# Tire/wheel width options



## TxTractor (4 mo ago)

Hello all. Tractor newbie here. Just bought a John Deere 5300. My property has some hills on it, my rear puckers up anytime I'm driving up, down or across them. I was going to move the wheels and tires to the widest setting and possibly even put spacers on. I wanted to explore wider wheel/tire options. Are there any cost effective setups from other applications that would work? I can't imagine I'm the first or the millionth person who has crossed this bridge. Any feedback would be greatly appreciated!


----------



## 2billt (Aug 7, 2011)

Welcome to the forum....

2 or 4wd?
Power shuttle / manual?
ROPS or Cab?
Loader / attachments?
Front tires...16" or 24"?
Tire ballast?


----------



## HarveyW (Sep 15, 2014)

Here's my favorite tire reference chart...






FAQs







www.millertire.com


----------



## Tx Jim (Jul 28, 2020)

Welcome to the TF
If you don't have a 5300 operators manual you can download one for FREE at the following link.

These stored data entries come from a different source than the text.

(* Let $D$ be an essential domain admitting an essential representation $\mathcal V$ such that the set $\{\mathfrak m_V\cap D: V\in\mathcal V\}$ of centers in $D$ of the valuation domains in $\mathcal V$ (where $\mathfrak m_V$ is the maximal ideal of $V$) is closed in $\operatorname{Spec}(D)$ with respect to the constructible topology. Then $D$ is a PvMD.
   Context: All rings are commutative with identity. For an integral domain $D$ with quotient field $K$ and a nonzero fractional ideal $I$, set $(D:I)=\{x\in K: xI\subseteq D\}$, $I^v=(D:(D:I))$, $I^t=\bigcup\{J^v: J\subseteq I \text{ finitely generated}\}$; $I$ is a $t$-ideal if $I=(0)$ or $I=I^t$; a $t$-maximal ideal is a $t$-ideal maximal among proper $t$-ideals. $D$ is a PvMD if $D_{\mathfrak m}$ is a valuation domain for every $t$-maximal ideal $\mathfrak m$. A valuation overring of $D$ is essential if it equals $D_{\mathfrak p}$ for some prime $\mathfrak p$; an essential representation of $D$ is a family of essential valuation overrings of $D$ with intersection $D$; $D$ is essential if it has one. The constructible topology on $\operatorname{Spec}(A)$ is the coarsest topology in which every $D(f)=\{\mathfrak p:f\notin\mathfrak p\}$ is clopen. *)

theory Defs
  imports "HOL-Analysis.Analysis"
begin

text \<open>An integral domain D is represented as a subring of a field 'a whose quotient field is
  the whole field 'a (so K = UNIV).\<close>

definition subring :: "'a::field set \<Rightarrow> bool" where
  "subring D \<longleftrightarrow> 0 \<in> D \<and> 1 \<in> D \<and> (\<forall>x\<in>D. \<forall>y\<in>D. x + y \<in> D \<and> x - y \<in> D \<and> x * y \<in> D)"

definition domain_with_qf :: "'a::field set \<Rightarrow> bool" where
  "domain_with_qf D \<longleftrightarrow> subring D \<and> (\<forall>x. \<exists>a\<in>D. \<exists>b\<in>D. b \<noteq> 0 \<and> x = a / b)"

definition ideal_of :: "'a::field set \<Rightarrow> 'a set \<Rightarrow> bool" where
  "ideal_of D I \<longleftrightarrow> I \<subseteq> D \<and> 0 \<in> I \<and> (\<forall>x\<in>I. \<forall>y\<in>I. x + y \<in> I) \<and> (\<forall>d\<in>D. \<forall>x\<in>I. d * x \<in> I)"

definition prime_ideal_of :: "'a::field set \<Rightarrow> 'a set \<Rightarrow> bool" where
  "prime_ideal_of D P \<longleftrightarrow> ideal_of D P \<and> P \<noteq> D \<and>
     (\<forall>a\<in>D. \<forall>b\<in>D. a * b \<in> P \<longrightarrow> a \<in> P \<or> b \<in> P)"

definition Spec :: "'a::field set \<Rightarrow> 'a set set" where
  "Spec D = {P. prime_ideal_of D P}"

definition basic_open :: "'a::field set \<Rightarrow> 'a \<Rightarrow> 'a set set" where
  "basic_open D f = {P \<in> Spec D. f \<notin> P}"

definition constructible_topology :: "'a::field set \<Rightarrow> 'a set topology" where
  "constructible_topology D =
     topology_generated_by ({basic_open D f | f. f \<in> D} \<union> {Spec D - basic_open D f | f. f \<in> D})"

definition colon :: "'a::field set \<Rightarrow> 'a set \<Rightarrow> 'a set" where
  "colon D I = {x. \<forall>y\<in>I. x * y \<in> D}"

definition vclos :: "'a::field set \<Rightarrow> 'a set \<Rightarrow> 'a set" where
  "vclos D I = colon D (colon D I)"

definition fg_ideal :: "'a::field set \<Rightarrow> 'a set \<Rightarrow> 'a set" where
  "fg_ideal D F = {(\<Sum>f\<in>F. c f * f) | c. \<forall>f\<in>F. c f \<in> D}"

definition tclos :: "'a::field set \<Rightarrow> 'a set \<Rightarrow> 'a set" where
  "tclos D I = \<Union>{vclos D (fg_ideal D F) | F. finite F \<and> fg_ideal D F \<subseteq> I}"

definition t_ideal :: "'a::field set \<Rightarrow> 'a set \<Rightarrow> bool" where
  "t_ideal D I \<longleftrightarrow> I = {0} \<or> I = tclos D I"

definition t_maximal :: "'a::field set \<Rightarrow> 'a set \<Rightarrow> bool" where
  "t_maximal D M \<longleftrightarrow> ideal_of D M \<and> M \<noteq> D \<and> t_ideal D M \<and>
     (\<forall>J. ideal_of D J \<and> J \<noteq> D \<and> t_ideal D J \<and> M \<subseteq> J \<longrightarrow> J = M)"

definition localization :: "'a::field set \<Rightarrow> 'a set \<Rightarrow> 'a set" where
  "localization D P = {a / s | a s. a \<in> D \<and> s \<in> D \<and> s \<notin> P}"

definition valuation_domain :: "'a::field set \<Rightarrow> bool" where
  "valuation_domain V \<longleftrightarrow> subring V \<and> (\<forall>x. x \<noteq> 0 \<longrightarrow> x \<in> V \<or> inverse x \<in> V)"

definition PvMD :: "'a::field set \<Rightarrow> bool" where
  "PvMD D \<longleftrightarrow> (\<forall>M. t_maximal D M \<longrightarrow> valuation_domain (localization D M))"

definition essential_valuation_overring :: "'a::field set \<Rightarrow> 'a set \<Rightarrow> bool" where
  "essential_valuation_overring D V \<longleftrightarrow> valuation_domain V \<and> D \<subseteq> V \<and>
     (\<exists>P \<in> Spec D. V = localization D P)"

definition essential_representation :: "'a::field set \<Rightarrow> 'a set set \<Rightarrow> bool" where
  "essential_representation D \<V> \<longleftrightarrow> (\<forall>V\<in>\<V>. essential_valuation_overring D V) \<and> \<Inter>\<V> = D"

definition essential_domain :: "'a::field set \<Rightarrow> bool" where
  "essential_domain D \<longleftrightarrow> (\<exists>\<V>. essential_representation D \<V>)"

definition max_ideal :: "'a::field set \<Rightarrow> 'a set" where
  "max_ideal V = {x \<in> V. x = 0 \<or> inverse x \<notin> V}"

definition center :: "'a::field set \<Rightarrow> 'a set \<Rightarrow> 'a set" where
  "center D V = max_ideal V \<inter> D"

end

theory Submission
  imports Defs
begin

text \<open>
  Let \<open>X = {P \<in> Spec D. D\<^sub>P \<in> \<V>}\<close> be the set of centers of the essential
  representation \<open>\<V>\<close>, and let \<open>M\<close> be a nonzero t-maximal ideal (for \<open>M = (0)\<close> the
  localization is the whole quotient field).
  (1) If a finite set \<open>F \<subseteq> D\<close> lies in no member of \<open>X\<close>, then \<open>(D : F) \<subseteq> \<Inter>\<V> = D\<close>, so
      \<open>1 \<in> F\<^sup>v\<close>; since \<open>M\<close> is a proper t-ideal this is impossible for \<open>F \<subseteq> M\<close>.
      Hence every finite subset of \<open>M\<close> lies in some member of \<open>X\<close>.
  (2) A constructibly closed subset of \<open>Spec D\<close> is compact: via an ultrafilter on \<open>X\<close>
      we produce its limit prime, which lies in \<open>X\<close> by closedness.  So some \<open>P \<in> X\<close>
      contains all of \<open>M\<close>.
  (3) If \<open>D\<^sub>P\<close> is a valuation domain then \<open>P\<close> is a t-ideal; by t-maximality \<open>P = M\<close>,
      so \<open>D\<^sub>M = D\<^sub>P\<close> is a valuation domain.
\<close>

lemma subring_sum:
  assumes "subring D" "finite S" "\<forall>i\<in>S. g i \<in> D"
  shows "sum g S \<in> D"
  using assms(2,3) by (induction S rule: finite_induct) (use assms(1) in \<open>auto simp: subring_def\<close>)

lemma subring_prod:
  assumes "subring D" "finite S" "\<forall>i\<in>S. g i \<in> D"
  shows "prod g S \<in> D"
  using assms(2,3) by (induction S rule: finite_induct) (use assms(1) in \<open>auto simp: subring_def\<close>)

lemma ideal_sum:
  assumes "ideal_of D I" "finite S" "\<forall>i\<in>S. g i \<in> I"
  shows "sum g S \<in> I"
  using assms(2,3) by (induction S rule: finite_induct) (use assms(1) in \<open>auto simp: ideal_of_def\<close>)

lemma ideal_one_eq:
  assumes "ideal_of D I" "1 \<in> I"
  shows "I = D"
proof -
  have "d \<in> I" if "d \<in> D" for d
    using assms that unfolding ideal_of_def by (metis mult.right_neutral)
  then show ?thesis using assms(1) unfolding ideal_of_def by auto
qed

lemma prime_one_notin:
  assumes "prime_ideal_of D P"
  shows "1 \<notin> P"
  using assms ideal_one_eq unfolding prime_ideal_of_def by blast

lemma prime_zero_in: "prime_ideal_of D P \<Longrightarrow> 0 \<in> P"
  by (simp add: prime_ideal_of_def ideal_of_def)

lemma prime_prod_notin:
  assumes "prime_ideal_of D P" "subring D" "finite S" "\<forall>i\<in>S. g i \<in> D \<and> g i \<notin> P"
  shows "prod g S \<in> D \<and> prod g S \<notin> P"
  using assms(3,4)
proof (induction S rule: finite_induct)
  case empty then show ?case using prime_one_notin[OF assms(1)] assms(2) by (simp add: subring_def)
next
  case (insert x F)
  then have "prod g F \<in> D" "prod g F \<notin> P" "g x \<in> D" "g x \<notin> P" by auto
  then show ?case using insert(1,2) assms(1,2) unfolding prime_ideal_of_def subring_def by auto
qed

Wheel tread width settings for 2WD & MFWD are outlined in operators manual. Search for Equipment Publications - Technical Information Store


----------



## LouNY (Dec 15, 2016)

Wider tires can always be installed but the cost of new rims and tires with a wider width but not height could be an issue and would not be cheap.
You could investigate a set of clamp on duals again a substantial cost.


----------



## LD48750 (Jun 25, 2016)

Yes, the wider settings will help stability.
Yes there are wider tire & rims available.

Most likely, all you need is a little time on your new tractor.
The tractor you have has been mowing & working hills & slopes for many years without a problem.
I mow across hills I wouldn't even go up or down when I first got my tractors.
Both of them took awhile to learn the limits.

Set the wheels as wide as they will go & maybe get them loaded.
Try that for a season & see if you can do what you want with it. 
You MAY find the widest settings are too wide for some things.


----------